High-level comparison

Both DVC and Pachyderm can:

track and save data and ML models
connect data transformation steps and models in pipelines
switch between versions easily*
easily pull in data from cloud storage, and push back out
facilitate work on a shared development server (or cluster, in the case of Pachyderm)

One major difference is that Pachyderm expects you to use kubernetes. You can run it locally with minikube, but the whole point is to containerize models. DVC has no such expectation.

Another major difference is that Pachyderm is designed to serve models, both for development and production. DVC isn’t a model serving service.
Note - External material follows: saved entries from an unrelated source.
theorem theorem12:
  fixes Ui :: "'m::finite \<Rightarrow> (real^'p::finite) set"
    and C :: "(real^'p^'m) set"
    and b :: "real^'m"
    and f1 :: "real^'n1::finite \<Rightarrow> real"
    and f2 :: "real^'n2::finite \<Rightarrow> real"
    and g :: "'m \<Rightarrow> real^'n1 \<Rightarrow> real^'n2 \<Rightarrow> real^'p \<Rightarrow> real"
  assumes hyps: "std_hyps Ui C b f1 f2 g"
    and acp_pos: "z_ad b f1 f2 g (prod_set Ui \<inter> C) > 0"
    and ro_fin: "z_st b f1 f2 g (prod_set Ui) < \<infinity>"
  shows "z_st b f1 f2 g (prod_set Ui)
           / ereal (gauge_gamma (prod_set Ui) (Pi_proj (prod_set Ui \<inter> C)))
           \<le> z_st b f1 f2 g (prod_set Ui \<inter> C)
       \<and> z_ad b f1 f2 g (prod_set Ui)
           / ereal (gauge_gamma (prod_set Ui) (prod_set Ui \<inter> C))
           \<le> z_ad b f1 f2 g (prod_set Ui \<inter> C)
       \<and> (\<forall>\<gamma>0::real. 0 < \<gamma>0 \<and> \<gamma>0 \<le> 1 \<longrightarrow>
            (\<exists>(Ui'::'m \<Rightarrow> (real^'p) set) (C'::(real^'p^'m) set) (b'::real^'m)
               (f1'::real^'n1 \<Rightarrow> real) (f2'::real^'n2 \<Rightarrow> real)
               (g'::'m \<Rightarrow> real^'n1 \<Rightarrow> real^'n2 \<Rightarrow> real^'p \<Rightarrow> real).
               std_hyps Ui' C' b' f1' f2' g'
             \<and> z_ad b' f1' f2' g' (prod_set Ui' \<inter> C') > 0
             \<and> z_st b' f1' f2' g' (prod_set Ui') < \<infinity>
             \<and> gauge_gamma (prod_set Ui') (Pi_proj (prod_set Ui' \<inter> C')) = \<gamma>0
             \<and> gauge_gamma (prod_set Ui') (prod_set Ui' \<inter> C') = \<gamma>0
             \<and> z_st b' f1' f2' g' (prod_set Ui' \<inter> C')
                 = z_st b' f1' f2' g' (prod_set Ui') / ereal \<gamma>0
             \<and> z_ad b' f1' f2' g' (prod_set Ui' \<inter> C')
                 = z_ad b' f1' f2' g' (prod_set Ui') / ereal \<gamma>0))"
  using z_st_gauge_gamma_bound[OF hyps] z_ad_gauge_gamma_bound[OF hyps] coord_box_tight
  by blast

end
(* Let $H\ge 1$ be an integer and let $n_0,n_1,\dots,n_H$ be positive integers with $n_0=d$ and $n_H=1$ (the layer widths of a fully-connected feed-forward network with $d$ inputs, depth $H$ and a single output). Define the mass $\Psi=\prod_{i=0}^{H} n_i$, the quantity $\Lambda=\sqrt[H]{\Psi}$, and the size $N=\sum_{i=0}^{H-1} n_i n_{i+1}$. Then \[ \Psi^2 H=\Lambda^{2H}H\;\ge\; N\;\ge\; \sqrt[H]{\Psi^2}\,\frac{H}{\sqrt[H]{d}}\;\ge\;\sqrt[H]{\Psi}=\Lambda . \]
   Context: The network has layers $0,1,\dots,H$, where layer $i$ has $n_i$ units, layer $0$ is the input layer and layer $H$ is the output layer; consecutive layers are fully connected, so $N$ is the total number of weights and $\Psi$ is the total number of input-to-output paths. *)

theory Defs
  imports Complex_Main
begin

definition mass :: "nat \<Rightarrow> (nat \<Rightarrow> nat) \<Rightarrow> real" where
  "mass H n = real (\<Prod>i\<le>H. n i)"

definition Lambda :: "nat \<Rightarrow> (nat \<Rightarrow> nat) \<Rightarrow> real" where
  "Lambda H n = root H (mass H n)"

definition size_net :: "nat \<Rightarrow> (nat \<Rightarrow> nat) \<Rightarrow> real" where
  "size_net H n = real (\<Sum>i<H. n i * n (Suc i))"

end

theory Submission
  imports Defs "HOL-Analysis.Analysis"
begin

text \<open>Writing \<open>Q\<close> for the product of the edge counts \<open>n\<^sub>i n\<^sub>i\<^sub>+\<^sub>1\<close>, every layer except the two
  ends occurs twice in \<open>Q\<close>, so \<open>\<Psi>\<^sup>2 = d Q\<close> when \<open>n\<^sub>H = 1\<close>; as \<open>1 \<le> d \<le> \<Psi>\<close>, this gives \<open>\<Psi> \<le> Q \<le> \<Psi>\<^sup>2\<close>.
  The size \<open>N\<close> is a sum of \<open>H\<close> edge counts, each a factor of \<open>Q\<close>, whence \<open>N \<le> H Q\<close>;
  and by AM-GM \<open>N \<ge> H Q\<^bsup>1/H\<^esup> = H (\<Psi>\<^sup>2/d)\<^bsup>1/H\<^esup>\<close>.\<close>

lemma prod_squared_eq_ends_times_prod_edges:
  fixes n :: "nat \<Rightarrow> 'a::comm_semiring_1"
  shows "(\<Prod>i\<le>H. n i)\<^sup>2 = n 0 * n H * (\<Prod>i<H. n i * n (Suc i))"
proof -
  have "(\<Prod>i\<le>H. n i) = (\<Prod>i<H. n i) * n H"
    by (simp flip: lessThan_Suc_atMost)
  moreover have "(\<Prod>i\<le>H. n i) = n 0 * (\<Prod>i<H. n (Suc i))"
    by (simp only: prod.lessThan_Suc_shift flip: lessThan_Suc_atMost)
  ultimately have "(\<Prod>i\<le>H. n i)\<^sup>2 = ((\<Prod>i<H. n i) * n H) * (n 0 * (\<Prod>i<H. n (Suc i)))"
    by (metis power2_eq_square)
  also have "\<dots> = n 0 * n H * (\<Prod>i<H. n i * n (Suc i))"
    by (simp add: prod.distrib mult_ac)
  finally show ?thesis .
qed

lemma member_le_prod_nat:
  fixes f :: "'a \<Rightarrow> nat"
  assumes "finite A" "i \<in> A" "\<And>j. j \<in> A \<Longrightarrow> 0 < f j"
  shows "f i \<le> prod f A"
  using assms by (intro dvd_imp_le) auto

lemma sum_le_card_mult_prod_nat:
  fixes f :: "'a \<Rightarrow> nat"
  assumes "finite A" "\<And>j. j \<in> A \<Longrightarrow> 0 < f j"
  shows "sum f A \<le> card A * prod f A"
proof -
  have "f i \<le> prod f A" if "i \<in> A" for i
    using member_le_prod_nat[OF assms(1) that assms(2)] .
  then show ?thesis
    using sum_bounded_above[of A f "prod f A"] by simp
qed

lemma card_mult_root_prod_le_sum:
  fixes x :: "'a \<Rightarrow> real"
  assumes "finite S" "\<And>i. i \<in> S \<Longrightarrow> 0 \<le> x i"
  shows "card S * root (card S) (prod x S) \<le> sum x S"
proof (cases "S = {}")
  case False
  then have "card S > 0"
    using assms(1) by (simp add: card_gt_0_iff)
  moreover have "root (card S) (prod x S) = prod x S powr (1 / card S)"
    using \<open>card S > 0\<close> assms(2) by (simp add: root_powr_inverse prod_nonneg)
  ultimately show ?thesis
    using arith_geom_mean[OF assms(1) False assms(2)]
    by (simp add: sum_divide_distrib[symmetric] field_simps)
qed simp

definition edge_product :: "nat \<Rightarrow> (nat \<Rightarrow> nat) \<Rightarrow> nat" where
  "edge_product H n = (\<Prod>i<H. n i * n (Suc i))"

lemma mass_squared_eq_edge_product:
  "(mass H n)\<^sup>2 = n 0 * n H * edge_product H n"
  using prod_squared_eq_ends_times_prod_edges[of "\<lambda>i. real (n i)" H]
  by (simp add: mass_def edge_product_def)

lemma edge_product_le_mass_squared:
  assumes "\<And>i. i \<le> H \<Longrightarrow> 0 < n i"
  shows "edge_product H n \<le> (mass H n)\<^sup>2"
proof -
  have "1 \<le> n 0 * n H"
    using assms[of 0] assms[of H] by (simp add: Suc_le_eq)
  then have "real (edge_product H n) \<le> n 0 * n H * edge_product H n"
    by (metis mult_le_mono1 mult_1 of_nat_le_iff)
  then show ?thesis
    by (simp add: mass_squared_eq_edge_product)
qed

lemma mass_le_edge_product:
  assumes "\<And>i. i \<le> H \<Longrightarrow> 0 < n i" and "n H = 1"
  shows "mass H n \<le> edge_product H n"
proof -
  have "n 0 \<le> mass H n"
    using member_le_prod_nat[of "{..H}" 0 n] assms(1) by (simp add: mass_def del: of_nat_prod)
  then have "n 0 * mass H n \<le> mass H n * mass H n"
    by (rule mult_right_mono) (simp add: mass_def del: of_nat_prod)
  also have "\<dots> = n 0 * edge_product H n"
    using mass_squared_eq_edge_product[of H n] assms(2) by (simp add: power2_eq_square)
  finally have "n 0 * mass H n \<le> n 0 * edge_product H n" .
  then show ?thesis
    using assms(1)[of 0] by simp
qed

lemma size_net_le_card_mult_edge_product:
  assumes "\<And>i. i \<le> H \<Longrightarrow> 0 < n i"
  shows "size_net H n \<le> real H * edge_product H n"
proof -
  have "(\<Sum>i<H. n i * n (Suc i)) \<le> H * edge_product H n"
    using sum_le_card_mult_prod_nat[of "{..<H}" "\<lambda>i. n i * n (Suc i)"] assms
    by (simp add: edge_product_def)
  then show ?thesis
    unfolding size_net_def by (metis of_nat_le_iff of_nat_mult)
qed

lemma card_mult_root_edge_product_le_size_net:
  "H * root H (edge_product H n) \<le> size_net H n"
  using card_mult_root_prod_le_sum[of "{..<H}" "\<lambda>i. real (n i * n (Suc i))"]
  by (simp add: size_net_def edge_product_def)

lemma Lambda_power_double:
  assumes "0 < H"
  shows "Lambda H n ^ (2 * H) = (mass H n)\<^sup>2"
  using assms
  by (simp add: Lambda_def mass_def power_mult real_root_pow_pos2 mult.commute del: of_nat_prod)

theorem theorem3p1:
  fixes H d :: nat and n :: "nat \<Rightarrow> nat"
  assumes "H \<ge> 1"
    and "\<And>i. i \<le> H \<Longrightarrow> n i > 0"
    and "n 0 = d"
    and "n H = 1"
  shows "(mass H n)\<^sup>2 * real H = (Lambda H n) ^ (2 * H) * real H
    \<and> (Lambda H n) ^ (2 * H) * real H \<ge> size_net H n
    \<and> size_net H n \<ge> root H ((mass H n)\<^sup>2) * real H / root H (real d)
    \<and> root H ((mass H n)\<^sup>2) * real H / root H (real d) \<ge> root H (mass H n)
    \<and> root H (mass H n) = Lambda H n"
proof -
  let ?Q = "real (edge_product H n)"
  have "0 < d"
    using assms(2)[of 0] assms(3) by simp
  have "size_net H n \<le> H * ?Q"
    using assms(2) by (rule size_net_le_card_mult_edge_product)
  also have "\<dots> \<le> H * (mass H n)\<^sup>2"
    using edge_product_le_mass_squared assms(2) by (intro mult_left_mono) simp_all
  finally have "size_net H n \<le> (mass H n)\<^sup>2 * H"
    by (simp only: mult.commute)
  moreover have "root H ((mass H n)\<^sup>2) * H / root H d = H * root H ?Q"
    using assms(1,3,4) \<open>0 < d\<close>
    by (simp add: mass_squared_eq_edge_product real_root_mult)
  moreover have "root H (mass H n) \<le> H * root H ?Q"
  proof -
    have "root H (mass H n) \<le> root H ?Q"
      using mass_le_edge_product[of H n] assms(1,2,4) by simp
    also have "\<dots> \<le> H * root H ?Q"
      using assms(1) by (simp add: mult_le_cancel_right1)
    finally show ?thesis .
  qed
  ultimately show ?thesis
    using Lambda_power_double[of H n] card_mult_root_edge_product_le_size_net[of H n] assms(1)
    by (simp add: Lambda_def)
qed

end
There are some minor differences, too. Pachyderm uses json for pipeline definitions; DVC uses yaml. Pachyderm has you create a separate pipeline file for each step, wherease DVC has you create DAGs, a little more like Airflow (but simpler). But these differences are what one of my former coworkers would refer to as “implementation details”.

Deciding which one to use

So let’s say you’re thinking about starting a new project, and you’re wondering which tool to use (DVC or Pachyderm). Here are some questions that should help you decide:

1. Do you already use git?

DVC assumes you will be using git.

Pachyderm doesn’t care what you use for version control for your code.

2. Do you plan to use, or already have, kubernetes?

Kubernetes can be a big devops project if you haven’t used it before, or if you don’t have the resources to help configure and maintain it. If you don’t want to be dealing with that, you could use the hosted Pachyderm service, if that works with your scale and security restrictions. Otherwise you should probably use DVC.

If you’re at a place that already uses microservices and has some kubernetes experience in-house, or if you just want to do microservices for managing models, you might want to use Pachyderm.

3. Do you want to version your DAGs, or version your pipeline steps separately?

This is sort of a minor workflow question, or potentially a major architecture question.

If you want to be able to branch off at any point in your DAG (any data import step, or any model step) at any point in your development process, then you should probably use Pachyderm.

If you expect to version entire DAGs from beginning to end, you should probably use DVC.

4. Do you want a system where your development environment mimics your deployment environment (and plan to deploy in kubernetes)?

Both DVC and Pachyderm assume you’re going to do some amount of development on your local machine.

Pachyderm makes sense if you plan to always be running models in containers, and the enterprise version includes encryption over the wire, and role-based access controls. Pachyderm is meant to be used for serving models, not just tracking and developing them.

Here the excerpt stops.